Use the loaded model to predict loan approval status. The pipeline automatically handles preprocessing. Convert numerical predictions (0 or 1) to categorical labels (`Rejected` or `Approved`) for interpretability.

In [4]:
# Make predictions
predictions = model.predict(new_data)

# Convert numerical predictions to categorical labels (0 = Rejected, 1 = Approved)
label_map = {0: 'Rejected', 1: 'Approved'}
predictions_categorical = [label_map[pred] for pred in predictions]

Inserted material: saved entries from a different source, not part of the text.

lemma path_edges_not_star:
  assumes "4 \<le> n"
  shows "path_edges n \<notin> stars n"
proof
  assume "path_edges n \<in> stars n"
  then obtain v where v: "card {e \<in> path_edges n. v \<in> e} = n - 1" unfolding stars_def by blast
  have "{e \<in> path_edges n. v \<in> e} \<subseteq> {{v - 1, v}, {v, Suc v}}"
    unfolding path_edges_def by (auto simp: insert_commute)
  then have "card {e \<in> path_edges n. v \<in> e} \<le> card {{v - 1, v}, {v, Suc v}}"
    by (intro card_mono) auto
  also have "\<dots> \<le> 2" by (rule card_insert_le_m1) auto
  finally show False using v assms by linarith
qed

lemma fan_edges_forest: "t + 2 \<le> n \<Longrightarrow> is_forest n (fan_edges t)"
proof -
  have "\<not> has_cycle (fan_edges t)"
  proof (induction t)
    case 0
    then show ?case unfolding fan_edges_def has_cycle_def by simp
  next
    case (Suc t)
    have "fan_edges (Suc t) = insert {1, t + 3} (fan_edges t)"
      unfolding fan_edges_def by auto
    moreover have "\<forall>e\<in>fan_edges t. t + 3 \<notin> e" unfolding fan_edges_def by auto
    then have "\<not> reach (fan_edges t) 1 (t + 3)" using reach_isolated by fastforce
    ultimately show ?case using not_has_cycle_insert[OF Suc.IH] by simp
  qed
  moreover assume "t + 2 \<le> n"
  then have "fan_edges t \<subseteq> Kn_edges n" unfolding fan_edges_def by (auto intro!: Kn_edgesI)
  ultimately show ?thesis unfolding is_forest_def by simp
qed

lemma card_fan_edges: "card (fan_edges t) = t"
proof -
  have "inj_on (\<lambda>i. {1, i}) {3..<t + 3}" by (rule inj_onI) (auto simp: doubleton_eq_iff)
  then show ?thesis unfolding fan_edges_def by (simp add: card_image)
qed

lemma path_edges_Int_fan_edges: "path_edges n \<inter> fan_edges t = {}"
proof -
  have "{i, Suc i} \<noteq> {1, j}" if "1 \<le> i" "3 \<le> j" for i j :: nat
    using that by (auto simp: doubleton_eq_iff)
  then show ?thesis unfolding path_edges_def fan_edges_def by fastforce
qed

lemma admissible_pair_exists:
  assumes "1 \<le> t" "t + 3 \<le> n"
  shows "\<exists>F T0. is_forest n F \<and> card F = t \<and> T0 \<in> spanning_trees n - stars n \<and> card (T0 \<inter> F) < t"
  using assms fan_edges_forest[of t n] card_fan_edges path_edges_spanning_tree path_edges_not_star
    path_edges_Int_fan_edges
  by (intro exI[of _ "fan_edges t"] exI[of _ "path_edges n"]) simp

lemma D_lower_bound:
  assumes "\<exists>F T0. is_forest n F \<and> card F = t \<and> T0 \<in> spanning_trees n - stars n \<and> card (T0 \<inter> F) < t"
    and "\<And>F T0. is_forest n F \<Longrightarrow> card F = t \<Longrightarrow> T0 \<in> spanning_trees n - stars n \<Longrightarrow>
      b \<le> card (trees_avoiding n T0 F)"
  shows "b \<le> D n t"
proof -
  define S where "S = {card (trees_avoiding n T0 F) | F T0.
      is_forest n F \<and> card F = t \<and> T0 \<in> spanning_trees n - stars n \<and> card (T0 \<inter> F) < t}"
  have "card (trees_avoiding n T0 F) \<le> card (Pow (Kn_edges n))" for T0 F
    using finite_Kn_edges by (intro card_mono) (auto simp: trees_avoiding_def spanning_trees_def)
  then have "S \<subseteq> {..card (Pow (Kn_edges n))}" unfolding S_def by blast
  then have "finite S" by (rule finite_subset) simp
  moreover have "S \<noteq> {}" using assms(1) unfolding S_def by blast
  moreover have "\<forall>x\<in>S. b \<le> x" using assms(2) unfolding S_def by blast
  ultimately show ?thesis unfolding D_def S_def[symmetric] by (simp add: Min_ge_iff)
qed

# Add predictions to the new data
new_data['predicted_loan_status'] = predictions_categorical

# Display predictions
print('Predictions for New Data:')
new_data

Predictions for New Data:


Unnamed: 0,no_of_dependents,education,self_employed,income_annum,loan_amount,loan_term,cibil_score,residential_assets_value,commercial_assets_value,luxury_assets_value,bank_asset_value,predicted_loan_status
0,3,Graduate,No,5000000,12000000,12,700,4000000,1000000,8000000,2000000,Approved
1,1,Not Graduate,Yes,2500000,4000000,8,400,1500000,0,3000000,800000,Rejected
2,5,Graduate,Yes,9000000,25000000,20,850,12000000,4000000,20000000,6000000,Approved


## 5. Interpretation of Results

The predictions show whether each applicant's loan is likely to be Approved or Rejected based on their features:
- High CIBIL Score Applicants: Applicants with CIBIL scores above 700 (e.g., 700 or 850) and substantial assets are likely approved, indicating lower credit risk.
- Low CIBIL Score Applicants: Applicants with lower CIBIL scores (e.g., 400) or high loan amounts relative to income may be rejected due to higher risk.

Business Context: For a bank like 'GrowEasy,' these predictions streamline loan approval decisions. Approved applicants can proceed with loan processing, while rejected applicants can receive feedback (e.g., improve credit score) to enhance future eligibility. The model’s high F1-score (0.9841 on test data) ensures reliable predictions, balancing approval of eligible applicants and rejection of risky ones.

Insights:
- The model heavily weighs cibil_score, consistent with EDA findings where higher scores correlated with approvals.
- The pipeline’s preprocessing ensures raw input data is handled consistently, making it suitable for real-world use.

Next Steps: Integrate the model into a web app for real-time predictions, allowing applicants to input details and receive instant approval decisions.